Gondwana included the landmasses that later became India, Africa, Australia and Antarctica.

The "Journey" of the Indian Plate

About 150–200 million years ago, the disintegration of Gondwana began. The Indian landmass (Indian Plate) began drifting northward. It was moving at a speed of 15–20 cm per year, which is extremely fast from a geological perspective.

The Tethys Sea lay between the Indian plate in the south and the Eurasian plate in the north. Over millions of years, this sea gradually disappeared due to the collision of plates and eventually the Himalayas were born.

Plate Tectonic Theory and Collision

The most accepted scientific explanation for the origin of the Himalayas is the Plate Tectonic Theory. According to it, the Earth's crust is divided into several large plates that are constantly in motion.

• The Indian plate continued to move northward.
• The Eurasian plate stood as a barrier in the north.
• About 50–70 million years ago, the Indian plate collided with the Eurasian plate.

The collision was so powerful that sediments of sand, clay, limestone and fossils at the bottom of the Tethys Sea were pushed upward. Over time, these sediments turned into the huge mountains we now know as the Himalayas.

Formation of the Himalayas

After the collision, the land did not rise all at once. This process took millions of years and is still ongoing. The gradual uplift of the Earth's crust due to collision is called mountain-building (orogeny).

• In the beginning, small hills formed.
• Over millions of years, layers of sediment continued to build up.
• Eventually, this process created the world's tallest mountain range – the Himalayas.

Stages of Formation

• Initial stage (up to 100 million years ago) – The Indian plate moved northward toward the Tethys Sea.
• First collision (about 70 million years ago) – The Tethys Sea began to shrink.
• Around 50 million years ago – Forceful collision between Indian and Eurasian plates lifted the landmass, giving rise to towering mountains.
• Current stage – The Himalayas are still rising at a rate of about 5 mm per year.

Divisions of the Himalayas

The process of collision and uplift gave rise to different regions of the Himalayas:

• Shivalik Hills (Outer Himalayas) – youngest, low-lying mountains with river deposits.
• Lesser Himalayas (Himachal Range) – medium-altitude, home to valleys and ranges.
• Greater Himalayas (Himadri) – tallest and most ancient part, includes Everest and Kanchenjunga.

Geological Evidence

• Marine fossils found in Himalayan rocks show that the region was once under the Tethys Sea.
• Limestone, shale, sandstone confirm uplifted sedimentary deposits.
• Frequent earthquakes prove the Indian and Eurasian plates are still colliding.

Importance of the Himalayas

• Climate regulation – Acts as a barrier to cold Central Asian winds, creating a livable climate in South Asia.
• Origin of rivers – Major rivers like Ganges, Yamuna, Indus, Brahmaputra originate here.
• Cultural & Spiritual value – Revered in Hinduism and Buddhism, dotted with holy shrines and pilgrimage routes.
• Economic significance – Supports agriculture, hydropower and tourism.

The Himalayas Today: Still Growing

The Himalayas are not static – they are young fold mountains.

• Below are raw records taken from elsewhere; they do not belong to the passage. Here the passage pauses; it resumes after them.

text \<open>The induced matching is read off from a large independent set in the digraph joining
  each right vertex \<open>v\<close> to the neighbours of a chosen left neighbour of \<open>v\<close>.\<close>

lemma expander_induced_matching:
  assumes \<phi>: "expander m \<phi>" and S: "S \<subseteq> {..<8*m}" and T: "T \<subseteq> {..<8*m}"
    and card_S: "4*m \<le> card S" "card S \<le> card T"
  shows "\<exists>M \<subseteq> S \<times> T. m \<le> 17 * card M \<and> bipartite_induced_matching \<phi> M"
proof -
  define N where "N = {v\<in>T. \<exists>j<8. \<exists>k\<in>S. \<phi> j k = v}"
  have "\<forall>v\<in>N. \<exists>k. k \<in> S \<and> (\<exists>j<8. \<phi> j k = v)" by (auto simp: N_def)
  then obtain kk where kk: "\<forall>v\<in>N. kk v \<in> S \<and> (\<exists>j<8. \<phi> j (kk v) = v)" by (metis bchoice)
  have fin_N: "finite N" using T by (auto simp: N_def intro: finite_subset)
  have "card {w\<in>N. \<exists>j<8. \<phi> j (kk v) = w} \<le> 8" for v
  proof -
    have "card {w\<in>N. \<exists>j<8. \<phi> j (kk v) = w} \<le> card ((\<lambda>j. \<phi> j (kk v)) ` {..<8})"
      by (rule card_mono) auto
    also have "\<dots> \<le> 8" using card_image_le[of "{..<8::nat}" "\<lambda>j. \<phi> j (kk v)"] by simp
    finally show ?thesis .
  qed
  then obtain I where I: "I \<subseteq> N" "card N \<le> 17 * card I"
    and indep: "\<forall>v\<in>I. \<forall>w\<in>I. v \<noteq> w \<longrightarrow> \<not> (\<exists>j<8. \<phi> j (kk v) = w)"
    using exists_large_independent_set[OF fin_N, of "\<lambda>v w. \<exists>j<8. \<phi> j (kk v) = w" 8] by auto
  define M where "M = (\<lambda>v. (kk v, v)) ` I"
  have "card M = card I" unfolding M_def by (rule card_image) (auto intro: inj_onI)
  moreover have "m \<le> card N" unfolding N_def by (rule expander_neighbours[OF assms])
  moreover have "M \<subseteq> S \<times> T" using I(1) kk by (auto simp: M_def N_def)
  moreover have "(\<exists>j<8. \<phi> j (fst e) = snd e') \<longleftrightarrow> e = e'" if ee': "e \<in> M" "e' \<in> M" for e e'
  proof -
    obtain v w where "v \<in> I" "w \<in> I" "e = (kk v, v)" "e' = (kk w, w)"
      using ee' by (auto simp: M_def)
    moreover have "(\<exists>j<8. \<phi> j (kk v) = w) \<longleftrightarrow> v = w"
      using \<open>v \<in> I\<close> \<open>w \<in> I\<close> indep kk I(1) by blast
    ultimately show ?thesis by auto
  qed
  ultimately show ?thesis
    using I(2) unfolding bipartite_induced_matching_def by (intro exI[of _ M]) auto
qed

The Indian plate moves north at about 5 cm per year, resulting in:

• Annual rise of the Himalayas by a few millimeters.
• Frequent earthquakes and landslides.
• Continuous changes in topography and river systems.

Thus, the Himalayas are still "under construction".

Conclusion

The Himalayas were born out of one of the greatest geological events in Earth's history – the collision of the Indian Plate and the Eurasian Plate. What was once the Tethys Sea became the world's tallest mountains. Their origin tells us that the Earth is dynamic, always changing. Today, the Himalayas stand not only as a natural wonder but also as the lifeline of Asia, shaping its climate, culture and civilization.